Centennial class graduates

Kayci Detweiler of Kokomo, Ind., receives her Hesston College diploma from President Howard Keim at the college’s centennial commencement.

The 137 members of Hesston College’s 100th graduating class walked the stage on May 9, 2010, in a 9 a.m. service at Yost Center, and were addressed by faculty/staff “polar opposites” Tony Brown and Dustin Galyon on the topic “We must be the change.” Brown, who is a social science faculty member and artist-in-residence, described himself as “introverted, quiet, drawn to the mystical and contemplative, African American, sometimes reluctant and cautious and at times find it difficult to trust.” He wondered how much time it would take to bring together a collaborative commencement address with Dustin Galyon, the extroverted public speaker who is Hesston’s associate director of Admissions and men’s basketball coach.

“Despite my initial impulse to question, I am honored to have had the privilege of working with Dustin,” Brown said. “Crafting this address collaboratively in a give and take fashion was a metaphor for what is needed as we look ahead to life in the 21st century.”

“I understand now that this exercise was an important lesson in realizing the importance of interdependence,” Galyon said. “The seductive pull towards individualism is an ongoing challenge for most U.S. citizens. What is imperative now is that we must find the way to be in relationship with each other and to be changed by each other.”

Angela Bishop, in her student address, picked up on the relationships theme as well, noting that the all-inviting community of Hesston College made her feel welcome when she arrived and shaped her into a “stronger, more confident person” during her two years there.

“This is the strength of Hesston College—valuing its students, making room for them and welcoming them to a Christ-centered community,” Brown continued in his address. “This is a place where educational and emotional growth occurs. It is a sacred place where we are on the journey to discover our calling and how we will be related to the world.
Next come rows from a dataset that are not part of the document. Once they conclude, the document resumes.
lemma curv_form_same_12:
  assumes "alg_curv_tensor R"
  shows "curv_form R a a c d = 0"
proof -
  define A where "A i j = (\<Sum>k\<in>UNIV. \<Sum>l\<in>UNIV. R i j k l * c k * d l)" for i j
  have "curv_form R a a c d = (\<Sum>i\<in>UNIV. \<Sum>j\<in>UNIV. A i j * a i * a j)"
    unfolding curv_form_def A_def by (simp add: sum_distrib_left sum_distrib_right mult_ac)
  also have "\<dots> = 0"
  proof (rule sum_antisym_quadratic_form)
    fix i j
    show "A i j = - A j i"
      unfolding A_def using alg_curv_tensorD(1)[OF assms, of i j] by (simp add: sum_negf)
  qed
  finally show ?thesis .
qed

lemma curv_form_same_34:
  assumes "alg_curv_tensor R"
  shows "curv_form R a b c c = 0"
proof -
  define A where "A k l = (\<Sum>i\<in>UNIV. \<Sum>j\<in>UNIV. R i j k l * a i * b j)" for k l
  have "curv_form R a b c c = (\<Sum>k\<in>UNIV. \<Sum>l\<in>UNIV. \<Sum>i\<in>UNIV. \<Sum>j\<in>UNIV. R i j k l * a i * b j * c k * c l)"
    unfolding curv_form_def by (rule sum_swap_pairs)
  also have "\<dots> = (\<Sum>k\<in>UNIV. \<Sum>l\<in>UNIV. A k l * c k * c l)"
    unfolding A_def by (simp add: sum_distrib_right)
  also have "\<dots> = 0"
  proof (rule sum_antisym_quadratic_form)
    fix k l
    show "A k l = - A l k"
      unfolding A_def using alg_curv_tensorD(2)[OF assms, of _ _ k l] by (simp add: sum_negf)
  qed
  finally show ?thesis .
qed

lemma curv_form_swap_pairs:
  assumes "alg_curv_tensor R"
  shows "curv_form R b a b a = curv_form R a b a b"
proof -
  have R: "R i j k l = R j i l k" for i j k l
    using alg_curv_tensorD(1,2)[OF assms] by (metis minus_minus)
  have "curv_form R b a b a = (\<Sum>i\<in>UNIV. \<Sum>j\<in>UNIV. \<Sum>k\<in>UNIV. \<Sum>l\<in>UNIV. R j i l k * b i * a j * b k * a l)"
    unfolding curv_form_def by (simp only: R[of _ _ _ _])
  also have "\<dots> = (\<Sum>j\<in>UNIV. \<Sum>i\<in>UNIV. \<Sum>l\<in>UNIV. \<Sum>k\<in>UNIV. R j i l k * b i * a j * b k * a l)"
    by (subst sum.swap) (intro sum.cong refl sum.swap)
  also have "\<dots> = curv_form R a b a b"
    unfolding curv_form_def by (simp add: mult_ac)
  finally show ?thesis .
qed

lemma curv_quad_sym_prod:
  assumes "alg_curv_tensor R"
  shows "curv_quad R (sym_prod a b) = curv_form R a b a b / 2"
proof -
  have "curv_quad R (sym_prod a b) = (\<Sum>i\<in>UNIV. \<Sum>k\<in>UNIV. \<Sum>l\<in>UNIV. \<Sum>j\<in>UNIV.
      (1/4) * (R i k l j * a i * a k * b l * b j) + (1/4) * (R i k l j * b i * a k * b l * a j)
    + (1/4) * (R i k l j * a i * b k * a l * b j) + (1/4) * (R i k l j * b i * b k * a l * a j))"
    unfolding curv_quad_expand sym_prod_def by (intro sum.cong refl) (simp add: field_simps)
  also have "\<dots> = (1/4) * curv_form R a a b b + (1/4) * curv_form R b a b a
      + (1/4) * curv_form R a b a b + (1/4) * curv_form R b b a a"
    unfolding curv_form_def by (simp only: sum.distrib sum_distrib_left)
  also have "\<dots> = curv_form R a b a b / 2"
    using curv_form_same_12[OF assms] curv_form_same_34[OF assms] curv_form_swap_pairs[OF assms]
    by simp
  finally show ?thesis .
qed

definition id_tensor :: "('n::finite) tensor2" where
  "id_tensor = (\<lambda>i j. if i = j then 1 else 0)"

definition radial_tensor :: "('n::finite \<Rightarrow> real) \<Rightarrow> 'n tensor2" where
  "radial_tensor v = (\<lambda>i j. real CARD('n) * sym_prod v v i j - id_tensor i j)"

definition tangential_part :: "('n::finite \<Rightarrow> real) \<Rightarrow> 'n \<Rightarrow> 'n \<Rightarrow> real" where
  "tangential_part v i = (\<lambda>k. (if i = k then 1 else 0) - v i * v k)"

definition mixed_tensor :: "('n::finite \<Rightarrow> real) \<Rightarrow> 'n \<Rightarrow> 'n tensor2" where
  "mixed_tensor v i = sym_prod (tangential_part v i) v"

lemma inner2_id_tensor: "inner2 id_tensor h = trace2 h"
  using inner2_diag[of 1 h] by (simp add: id_tensor_def)

lemma inner2_id_tensor_right: "inner2 h id_tensor = trace2 h"
  using inner2_id_tensor inner2_commute by metis

lemma dot_tangential_part: "dot (tangential_part v i) v = v i - v i * dot v v"
proof -
  have "dot (tangential_part v i) v = (\<Sum>k\<in>UNIV. (if i = k then v k else 0) - v i * (v k * v k))"
    unfolding dot_def tangential_part_def by (intro sum.cong refl) (auto simp: algebra_simps)
  also have "\<dots> = v i - v i * dot v v"
    unfolding dot_def by (simp add: sum_subtractf sum_distrib_left)
  finally show ?thesis .
qed

lemma dot_tangential_part_self:
  "dot (tangential_part v i) (tangential_part v i) = 1 - 2 * (v i)\<^sup>2 + (v i)\<^sup>2 * dot v v"
proof -
  have "dot (tangential_part v i) (tangential_part v i) = (\<Sum>k\<in>UNIV.
      (if i = k then 1 else 0) - 2 * v i * (if i = k then v k else 0) + (v i)\<^sup>2 * (v k * v k))"
    unfolding dot_def tangential_part_def
    by (intro sum.cong refl) (auto simp: algebra_simps power2_eq_square)
  also have "\<dots> = 1 - 2 * v i * v i + (v i)\<^sup>2 * dot v v"
    unfolding dot_def by (simp add: sum.distrib sum_subtractf sum_distrib_left[symmetric])
  finally show ?thesis
    by (simp add: power2_eq_square)
qed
This is a place where we all are challenged to live committed lives that make a difference.”

Galyon noted that through technology, people can have face to face connections with people all over the world, and classrooms have limitless boundaries, but “we must not lose sight of the importance of living in community where we meet and touch the souls of those where we live. The world needs us to be present, our families need us to be present, and our culture needs us to be present.
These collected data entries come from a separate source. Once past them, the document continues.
(* Under the standing assumptions and assumption (A), there exists $C>0$ such that for all $\rho\in(0,\overline R)$ and $u\in L^2(D)\cap\mathcal{F}$, $$\mathcal{E}(u,u)\le C\big(\mathcal{E}^{(\rho)}(u,u)+(\rho\wedge R_0)^{-\alpha}\|u\|^2_{L^2(D)}\big).$$
   Context: Let $d\ge1$, $\alpha\in(0,2)$. $D\subset\mathbb{R}^d$ is a $\kappa$-fat open set (some $\kappa\in(0,1)$, localization constant $R_0\in(0,\mathrm{diam}(D)]$: for all $x\in\overline D$, $r\in(0,R_0)$ there is $z\in D$ with $B(z,\kappa r)\subset D\cap B(x,r)$) with Assouad dimension $\dim_{\rm A}(\partial D)<d$; $\gamma:=d-\dim_{\rm A}(\partial D)$; $\overline R:=\mathrm{diam}(D)\in(0,\infty]$; $\delta_D(x)=\mathrm{dist}(x,\partial D)$; $r\wedge\infty=r$. Assumption (A): $J$ symmetric Borel on $D\times D$, and there exist a continuous increasing $\Phi:[0,\infty)\to[1,\infty)$, $\Phi(0)=1$, with upper Matuszewska index $\overline\beta<\gamma\wedge\alpha$ ($\overline\beta$ = infimum of $\beta\ge0$ with $\Phi(r)/\Phi(s)\le C(r/s)^\beta$ for $0<s\le r$), $A_0\in(0,\infty]$, $C_1>1$ with $C_1^{-1}\le J(x,y)|x-y|^{d+\alpha}/\Phi\big(\frac{(|x-y|\wedge A_0)^2}{(\delta_D(x)\wedge A_0)(\delta_D(y)\wedge A_0)}\big)\le C_1$ for $x,y\in D$. $\mathcal{E}(u,v)=\frac12\int_{D\times D}(u(x)-u(y))(v(x)-v(y))J(x,y)dxdy$; $\mathcal{F}$ is the closure of $\mathrm{Lip}_c(\overline D)$ in $L^2(D)$ under $\mathcal{E}(u,u)+\|u\|^2_{L^2(D)}$. For $\rho\in(0,\overline R]$, $J^{(\rho)}(x,y)=\mathbf 1_{\{|x-y|<\rho\}}J(x,y)$ and $\mathcal{E}^{(\rho)}(u,v)=\frac12\int_{D\times D}(u(x)-u(y))(v(x)-v(y))J^{(\rho)}(x,y)dxdy$. *)

theory Defs
  imports "HOL-Analysis.Analysis"
begin

definition covering_number :: "'a::euclidean_space set \<Rightarrow> real \<Rightarrow> nat" where
  "covering_number A r = Inf {card F | F. finite F \<and> A \<subseteq> (\<Union>z\<in>F. ball z r)}"

(* Assouad dimension (ereal; Inf of empty set = \<infinity>) *)
definition assouad_dim :: "'a::euclidean_space set \<Rightarrow> ereal" where
  "assouad_dim E = Inf {ereal s | s. s \<ge> 0 \<and> (\<exists>C>0. \<forall>x\<in>E. \<forall>r R. 0 < r \<and> r < R \<longrightarrow>
       real (covering_number (E \<inter> ball x R) r) \<le> C * (R / r) powr s)}"

definition upper_matuszewska :: "(real \<Rightarrow> real) \<Rightarrow> ereal" where
  "upper_matuszewska \<Phi> = Inf {ereal \<beta> | \<beta>. \<beta> \<ge> 0 \<and> (\<exists>C. \<forall>s r. 0 < s \<and> s \<le> r \<longrightarrow>
       \<Phi> r / \<Phi> s \<le> C * (r / s) powr \<beta>)}"

definition diam_e :: "'a::euclidean_space set \<Rightarrow> ereal" where
  "diam_e D = (if bounded D then ereal (diameter D) else \<infinity>)"

definition delta_e :: "'a::euclidean_space set \<Rightarrow> 'a \<Rightarrow> ereal" where
  "delta_e D x = (if frontier D = {} then \<infinity> else ereal (infdist x (frontier D)))"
“We are living in a rather exciting time as an interest in Anabaptism is springing up all around the world,” he continued. “Anabaptism must stress the importance of Jesus as central in all we do. He is the reference point around which we center our lives…. The inclusive movement must embrace people of all walks of life, accent Christian discipleship, emphasize peace and justice consistent with the values of Jesus Christ, and serve a wounded and broken world…. We can live in exclusive communities or we can celebrate, invite and seek those who would join with us in living out the Anabaptist vision.”

“Though we must be informed by the past, we cannot allow the past to control the future,” Brown concluded. “What is clear and spoken so eloquently by Mahatma Gandhi is that for the sake of our future, ‘We must be the change we want to see in the world.’”

Travis Duerksen, student commencement speaker, encouraged graduates to embrace uncertainty. “The months of April and May start to bring the wonderful questions of relatives and friends: ‘Well what are you doing after this?’ ‘Why?’ ‘Where are you going?’ ‘How will you live?’ ‘Can you cook?’” Duerksen said. “But must we know exactly what will happen tomorrow? In a month? In the next decade?

“(I prefer to) trust in the one certainty that truly exists in this world, because when you look at it, all of the other ‘certain’ things that we plan on, plan around, and plan for, aren’t really certain at all.”

Quoting a phrase Melissa Roth, pastor of Mountain Community Mennonite Church (Palmer Lake, Colo.) shared with him; Duerksen said “Just walk through the doors that God opens for you.”

“I like it because it keeps that uncertainty, that excitement of not knowing exactly how everything will work out, just knowing that God is ahead of you…and all that is required on your part is that action of stepping through the door, and being okay with following for awhile, and not always leading, knowing everything, and planning about how stuff will work out. Because in the end, it’ll all work out.”

In other weekend events, the college’s Nursing department presented pins to the 45 members of the nursing class of 2010 Saturday morning, May 8. Bible faculty member Michele Hershberger returned from a sabbatical at LCC International University in Klaipeda, Lithuania, to address the class which includes her daughter, Erin. Hershberger spoke on the theme “Sleeping in the Boat” based on Mark 4:35-41.

Hesston’s Pastoral Ministries faculty commissioned five graduates at a Saturday afternoon ceremony. Pastor David Greiser of North Baltimore (Md.) Mennonite Church preached on the theme, “View from the front.” Greiser shared from his experiences of returning to the pastorate after serving for three and a half years as director of Hesston’s Pastoral Ministries program.

The college’s European Chorale presented a home concert Saturday afternoon before departing May 11 on a three-week tour that includes stops in The Netherlands, Germany, France, Switzerland and Italy. And sophomore Matt Lehman directed a production of Doubt, a one-act play.

Carol Duerksen is a 1974 graduate of Hesston College and a freelance writer from Goessel, Kansas.